Systematic Study of Electron Localization in an Amorphous Semiconductor

TL;DR

This study systematically examines how basis set size, density functional choice, and spin polarization affect electron localization in amorphous silicon, providing insights into defect state characterization.

Contribution

It offers a comprehensive analysis of electron localization dependence on computational parameters in amorphous silicon using first-principles methods.

Findings

Larger basis sets reduce defect state localization.

GGA enhances localization compared to LDA.

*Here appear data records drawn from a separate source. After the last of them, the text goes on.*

lemma not_AE_e_s_orthogonal:
  assumes sp: "sphere_prob (\<sigma>::'a::euclidean_space measure)" and s: "s > 0"
  shows "\<not> (AE \<theta> in \<sigma>. e_s s \<sigma> \<bullet> \<theta> = 0)"
proof
  interpret prob_space \<sigma> using sp by (simp add: sphere_prob_def)
  assume "AE \<theta> in \<sigma>. e_s s \<sigma> \<bullet> \<theta> = 0"
  then have "M_s s \<sigma> (e_s s \<sigma>) = 0"
    unfolding M_s_def using s
    by (subst integral_cong_AE[where g="\<lambda>_. 0"]) (auto intro!: borel_measurable_sphere_prob[OF sp])
  have "AE \<theta> in \<sigma>. \<bar>b \<bullet> \<theta>\<bar> powr (2 * s) = 0" if b: "b \<in> Basis" for b
  proof -
    have integrable: "integrable \<sigma> (\<lambda>\<theta>. \<bar>b \<bullet> \<theta>\<bar> powr (2 * s))"
      using b AE_abs_inner_powr_le_one[OF sp s, of b]
      by (intro integrable_const_bound[where B=1] borel_measurable_sphere_prob[OF sp]) auto
    have "M_s s \<sigma> b \<le> 0"
      using e_s_maximizes(2)[OF sp s, of b] b \<open>M_s s \<sigma> (e_s s \<sigma>) = 0\<close> by simp
    moreover have "M_s s \<sigma> b \<ge> 0" unfolding M_s_def by simp
    ultimately show ?thesis
      using integral_nonneg_eq_0_iff_AE[OF integrable] unfolding M_s_def by simp
  qed
  then have "AE \<theta> in \<sigma>. \<forall>b\<in>Basis. \<bar>b \<bullet> \<theta>\<bar> powr (2 * s) = 0"
    by (subst AE_finite_all) auto
  then have "AE \<theta> in \<sigma>. \<theta> = 0"
    by eventually_elim (metis euclidean_all_zero_iff inner_commute abs_eq_0 powr_eq_0_iff)
  moreover have "AE \<theta> in \<sigma>. \<theta> \<noteq> 0"
    by (rule AE_I2) (auto simp: space_sphere_prob[OF sp])
  ultimately have "AE \<theta> in \<sigma>. False" by eventually_elim simp
  then show False by (simp add: AE_False)
qed

lemma nn_integral_radial_density_cos_power_pos:
  fixes t :: real
  assumes "t \<noteq> 0"
  shows "(\<integral>\<^sup>+r. ennreal (radial_density s r * (1 - cos (r * t)) ^ k) \<partial>lborel) \<noteq> 0"
proof
  define a b where "a = pi / (2 * \<bar>t\<bar>)" and "b = pi / \<bar>t\<bar>"
  have ab: "0 < a" "a < b" using assms unfolding a_def b_def by (auto simp: field_simps)
  assume "(\<integral>\<^sup>+r. ennreal (radial_density s r * (1 - cos (r * t)) ^ k) \<partial>lborel) = 0"
  then have "AE r in lborel. radial_density s r * (1 - cos (r * t)) ^ k = 0"
    by (subst (asm) nn_integral_0_iff_AE) (auto simp: radial_density_nonneg)
  then have "AE r in lborel. r \<notin> {a..b}"
  proof eventually_elim
    case (elim r)
    show "r \<notin> {a..b}"
    proof
      assume r: "r \<in> {a..b}"
      \<comment> \<open>on \<open>[a, b]\<close> the phase \<open>r |t|\<close> lies in \<open>[\<pi>/2, \<pi>]\<close>, where the cosine is nonpositive\<close>
      have "r > 0" using r ab by simp
      then have "pi / 2 \<le> \<bar>r * t\<bar>" "\<bar>r * t\<bar> \<le> pi"
        using r assms unfolding a_def b_def by (auto simp: abs_mult field_simps)
      then have "cos (r * t) \<le> 0"
        using cos_monotone_0_pi_le[of "pi / 2" "\<bar>r * t\<bar>"] by simp
      moreover have "radial_density s r > 0" using \<open>r > 0\<close> by (simp add: radial_density_def)
      ultimately show False using elim by simp
    qed
  qed
  then have "emeasure lborel {a..b} = 0"
    by (subst AE_iff_measurable[symmetric]) auto
  then show False using ab by simp
qed

lemma nn_integral_nu_s_cos_power_e_s_pos:
  assumes sp: "sphere_prob (\<sigma>::'a::euclidean_space measure)" and s: "s > 0"
  shows "(\<integral>\<^sup>+y. ennreal ((1 - cos (e_s s \<sigma> \<bullet> y)) ^ k) \<partial>nu_s s \<sigma>) \<noteq> 0"
proof
  interpret prob_space \<sigma> using sp by (simp add: sphere_prob_def)
  interpret pair_sigma_finite lborel \<sigma>
    by unfold_locales
  note [measurable] = borel_measurable_sphere_prob[OF sp measurable_ident_sets[OF refl]]
  define H where "H r \<theta> = ennreal (radial_density s r * (1 - cos (r * (e_s s \<sigma> \<bullet> \<theta>))) ^ k)" for r \<theta>
  have [measurable]: "case_prod H \<in> borel_measurable (lborel \<Otimes>\<^sub>M \<sigma>)"
    unfolding H_def by measurable
  assume "(\<integral>\<^sup>+y. ennreal ((1 - cos (e_s s \<sigma> \<bullet> y)) ^ k) \<partial>nu_s s \<sigma>) = 0"
  moreover have "(\<integral>\<^sup>+y. ennreal ((1 - cos (e_s s \<sigma> \<bullet> y)) ^ k) \<partial>nu_s s \<sigma>) = (\<integral>\<^sup>+r. \<integral>\<^sup>+\<theta>. H r \<theta> \<partial>\<sigma> \<partial>lborel)"
  proof (subst nn_integral_nu_s[OF sp], measurable, intro nn_integral_cong)
    fix r :: real
    show "ennreal (radial_density s r) * (\<integral>\<^sup>+\<theta>. ennreal ((1 - cos (e_s s \<sigma> \<bullet> r *\<^sub>R \<theta>)) ^ k) \<partial>\<sigma>)
        = (\<integral>\<^sup>+\<theta>. H r \<theta> \<partial>\<sigma>)"
      unfolding H_def
      by (subst nn_integral_cmult[symmetric]) (auto simp: ennreal_mult' radial_density_nonneg)
  qed
  moreover have "\<dots> = (\<integral>\<^sup>+\<theta>. \<integral>\<^sup>+r. H r \<theta> \<partial>lborel \<partial>\<sigma>)"
    by (rule Fubini'[symmetric]) measurable
  ultimately have "AE \<theta> in \<sigma>. (\<integral>\<^sup>+r. H r \<theta> \<partial>lborel) = 0"
    by (subst nn_integral_0_iff_AE[symmetric]) (simp_all, measurable)
  then have "AE \<theta> in \<sigma>. e_s s \<sigma> \<bullet> \<theta> = 0"
    unfolding H_def by (auto elim!: eventually_mono dest: nn_integral_radial_density_cos_power_pos)
  then show False using not_AE_e_s_orthogonal[OF sp s] by simp
qed

definition c_ks_lower :: "nat \<Rightarrow> real \<Rightarrow> real" where
  "c_ks_lower k s = 2 / (2 ^ k * (1 / (2 * real k - 2 * s) + 2 ^ k / (2 * s)))"

lemma c_ks_lower_pos: "s > 0 \<Longrightarrow> real k > s \<Longrightarrow> c_ks_lower k s > 0"
  unfolding c_ks_lower_def by (intro divide_pos_pos mult_pos_pos add_pos_pos) auto

lemma c_ks_lower_le:
  assumes sp: "sphere_prob (\<sigma>::'a::euclidean_space measure)" and s: "s > 0" and k: "real k > s"
  shows "c_ks_lower k s \<le> c_ks k s \<sigma>"
proof -
  define I where "I = (\<integral>\<^sup>+y. ennreal ((1 - cos (e_s s \<sigma> \<bullet> y)) ^ k) \<partial>nu_s s \<sigma>)"
  have "norm (e_s s \<sigma>) \<le> 1" using e_s_maximizes(1)[OF sp s] by simp
  then have le: "I \<le> ennreal (1 / (2 * real k - 2 * s) + 2 ^ k / (2 * s))"
    unfolding I_def by (rule nn_integral_nu_s_cos_power_le[OF sp s k])
  then obtain x where x: "I = ennreal x" "0 \<le> x"
    by (metis ennreal_cases ennreal_neq_top neq_top_trans)
  have "I \<noteq> 0" unfolding I_def by (rule nn_integral_nu_s_cos_power_e_s_pos[OF sp s])
  then have "0 < enn2real I" "enn2real I \<le> 1 / (2 * real k - 2 * s) + 2 ^ k / (2 * s)"
    using le x k s ennreal_le_iff[of "1 / (2 * real k - 2 * s) + 2 ^ k / (2 * s)" x]
    by (auto simp del: ennreal_plus)
  then show ?thesis
    unfolding c_ks_lower_def c_ks_def I_def[symmetric]
    by (intro divide_left_mono mult_left_mono mult_pos_pos) auto
qed

section \<open>Finite differences with long steps\<close>

lemma AE_lborel_translate:
  fixes c :: "'a::euclidean_space"
  assumes "AE x in lborel. P x"
  shows "AE x in lborel. P (c + x)"
proof -
  have "AE x in distr lborel borel ((+) c). P x"
    using assms by (subst lborel_distr_plus)
  then show ?thesis by (rule AE_distrD[rotated]) simp
qed

lemma borel_measurable_delta_m [measurable]:
  assumes [measurable]: "u \<in> borel_measurable borel"
  shows "(\<lambda>z. delta_m m u (fst z) (snd z)) \<in> borel_measurable (lborel \<Otimes>\<^sub>M nu_s s \<sigma>)"
proof -
  have "sets (lborel \<Otimes>\<^sub>M nu_s s \<sigma>) = sets (borel \<Otimes>\<^sub>M (borel :: 'a measure))"
    by (intro sets_pair_measure_cong) (simp_all add: sets_nu_s)
  moreover have "(\<lambda>z. delta_m m u (fst z) (snd z)) \<in> borel_measurable (borel \<Otimes>\<^sub>M (borel :: 'a measure))"
    unfolding delta_m_def by measurable
  ultimately show ?thesis using measurable_cong_sets by blast
qed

Spin localization aligns with experimental observations.

Abstract

We investigate the electronic structure of gap and band tail states in amorphous silicon. Starting with two 216-atom models of amorphous silicon with defect concentration close to the experiments, we systematically study the dependence of electron localization on basis set, density functional and spin polarization using the first principles density functional code Siesta. We briefly compare three different schemes for characterizing localization: information entropy, inverse participation ratio and spatial variance. Our results show that to accurately describe defect structures within self consistent density functional theory, a rich basis set is necessary. Our study revealed that the localization of the wave function associated with the defect states decreases with larger basis sets and there is some enhancement of localization from GGA relative to LDA. Spin localization results obtained via LSDA calculations, are in reasonable agreement with experiment and with previous LSDA calculations on a-Si:H models.